About this exercise -> Should a line below contain the word "finally", report it.

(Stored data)
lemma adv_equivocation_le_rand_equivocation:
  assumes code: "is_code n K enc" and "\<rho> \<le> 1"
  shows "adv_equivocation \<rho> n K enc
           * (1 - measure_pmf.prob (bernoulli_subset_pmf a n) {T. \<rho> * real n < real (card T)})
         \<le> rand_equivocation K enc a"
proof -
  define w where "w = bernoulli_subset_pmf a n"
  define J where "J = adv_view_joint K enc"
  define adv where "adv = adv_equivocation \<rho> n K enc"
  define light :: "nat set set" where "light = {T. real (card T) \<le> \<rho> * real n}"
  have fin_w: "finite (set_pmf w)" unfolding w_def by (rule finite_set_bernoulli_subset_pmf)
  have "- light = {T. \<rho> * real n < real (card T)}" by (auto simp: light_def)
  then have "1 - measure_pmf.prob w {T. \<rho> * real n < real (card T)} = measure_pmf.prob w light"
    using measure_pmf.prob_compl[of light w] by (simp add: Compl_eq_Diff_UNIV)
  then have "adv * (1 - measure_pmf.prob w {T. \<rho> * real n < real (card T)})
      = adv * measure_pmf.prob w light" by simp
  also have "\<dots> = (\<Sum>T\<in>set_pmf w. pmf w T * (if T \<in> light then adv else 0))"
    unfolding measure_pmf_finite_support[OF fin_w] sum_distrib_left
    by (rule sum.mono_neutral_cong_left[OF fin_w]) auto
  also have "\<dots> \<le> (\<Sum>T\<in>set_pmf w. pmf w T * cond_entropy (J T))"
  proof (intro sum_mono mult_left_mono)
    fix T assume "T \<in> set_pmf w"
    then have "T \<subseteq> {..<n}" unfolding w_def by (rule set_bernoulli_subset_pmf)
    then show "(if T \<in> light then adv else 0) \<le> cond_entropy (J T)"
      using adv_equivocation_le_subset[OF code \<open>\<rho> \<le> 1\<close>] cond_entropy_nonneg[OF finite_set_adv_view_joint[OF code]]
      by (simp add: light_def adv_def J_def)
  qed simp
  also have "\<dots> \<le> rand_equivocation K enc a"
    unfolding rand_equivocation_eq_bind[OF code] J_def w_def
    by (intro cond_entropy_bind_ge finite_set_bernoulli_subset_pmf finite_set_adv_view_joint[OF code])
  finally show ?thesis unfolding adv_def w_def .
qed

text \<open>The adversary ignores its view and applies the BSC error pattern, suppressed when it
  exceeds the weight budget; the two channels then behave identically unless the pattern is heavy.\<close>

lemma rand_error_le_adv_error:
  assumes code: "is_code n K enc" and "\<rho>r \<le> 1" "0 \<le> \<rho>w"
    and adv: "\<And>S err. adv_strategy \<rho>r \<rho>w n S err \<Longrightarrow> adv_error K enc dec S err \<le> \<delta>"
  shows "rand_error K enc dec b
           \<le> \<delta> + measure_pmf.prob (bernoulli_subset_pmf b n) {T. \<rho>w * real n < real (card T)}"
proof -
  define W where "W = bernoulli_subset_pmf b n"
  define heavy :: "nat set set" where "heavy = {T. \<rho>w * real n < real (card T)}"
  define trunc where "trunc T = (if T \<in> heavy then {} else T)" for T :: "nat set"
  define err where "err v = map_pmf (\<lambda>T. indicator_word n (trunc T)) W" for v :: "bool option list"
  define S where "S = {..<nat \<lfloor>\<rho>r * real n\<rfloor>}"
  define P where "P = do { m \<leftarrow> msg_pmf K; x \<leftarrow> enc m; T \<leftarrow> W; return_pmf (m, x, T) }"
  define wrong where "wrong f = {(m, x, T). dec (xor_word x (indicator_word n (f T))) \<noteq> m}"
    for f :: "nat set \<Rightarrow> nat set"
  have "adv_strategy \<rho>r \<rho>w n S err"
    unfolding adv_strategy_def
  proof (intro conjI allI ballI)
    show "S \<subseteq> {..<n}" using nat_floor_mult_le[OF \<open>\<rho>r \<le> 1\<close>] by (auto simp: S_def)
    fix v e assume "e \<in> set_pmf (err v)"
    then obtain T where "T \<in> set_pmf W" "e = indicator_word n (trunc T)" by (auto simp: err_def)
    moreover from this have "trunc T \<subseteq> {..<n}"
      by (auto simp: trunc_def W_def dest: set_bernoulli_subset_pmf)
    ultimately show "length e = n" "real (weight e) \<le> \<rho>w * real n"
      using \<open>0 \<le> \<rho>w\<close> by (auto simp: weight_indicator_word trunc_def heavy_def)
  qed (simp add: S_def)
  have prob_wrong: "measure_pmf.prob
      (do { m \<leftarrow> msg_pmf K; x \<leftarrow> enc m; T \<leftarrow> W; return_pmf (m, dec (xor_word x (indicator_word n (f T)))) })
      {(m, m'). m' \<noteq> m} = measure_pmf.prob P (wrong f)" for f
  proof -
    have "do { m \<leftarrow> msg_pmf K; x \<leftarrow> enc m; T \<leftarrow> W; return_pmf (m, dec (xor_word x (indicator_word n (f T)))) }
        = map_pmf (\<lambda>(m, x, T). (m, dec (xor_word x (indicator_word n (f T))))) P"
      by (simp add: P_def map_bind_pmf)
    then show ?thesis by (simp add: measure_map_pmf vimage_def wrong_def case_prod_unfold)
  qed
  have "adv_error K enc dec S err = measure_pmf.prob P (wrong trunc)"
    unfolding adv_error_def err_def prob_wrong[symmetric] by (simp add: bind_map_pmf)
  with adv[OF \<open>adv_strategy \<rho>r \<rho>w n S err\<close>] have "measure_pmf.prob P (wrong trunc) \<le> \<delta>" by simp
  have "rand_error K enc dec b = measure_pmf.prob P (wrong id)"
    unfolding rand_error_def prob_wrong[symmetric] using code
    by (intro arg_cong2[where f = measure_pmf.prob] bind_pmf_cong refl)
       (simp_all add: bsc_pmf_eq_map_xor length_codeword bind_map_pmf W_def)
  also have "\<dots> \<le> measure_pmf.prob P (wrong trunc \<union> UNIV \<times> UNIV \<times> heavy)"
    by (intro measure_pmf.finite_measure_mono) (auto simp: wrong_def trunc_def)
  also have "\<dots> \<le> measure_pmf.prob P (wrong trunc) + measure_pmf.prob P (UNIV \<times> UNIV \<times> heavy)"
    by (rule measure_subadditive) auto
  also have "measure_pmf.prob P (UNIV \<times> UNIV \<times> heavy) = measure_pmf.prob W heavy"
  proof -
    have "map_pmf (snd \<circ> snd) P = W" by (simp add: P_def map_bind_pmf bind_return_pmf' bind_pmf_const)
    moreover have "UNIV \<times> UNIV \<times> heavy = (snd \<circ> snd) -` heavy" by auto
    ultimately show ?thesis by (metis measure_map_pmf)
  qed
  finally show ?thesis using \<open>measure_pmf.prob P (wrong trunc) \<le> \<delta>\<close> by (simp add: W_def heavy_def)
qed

Your solution ->
  finally show ?thesis unfolding adv_def w_def .
  finally show ?thesis using \<open>measure_pmf.prob P (wrong trunc) \<le> \<delta>\<close> by (simp add: W_def heavy_def)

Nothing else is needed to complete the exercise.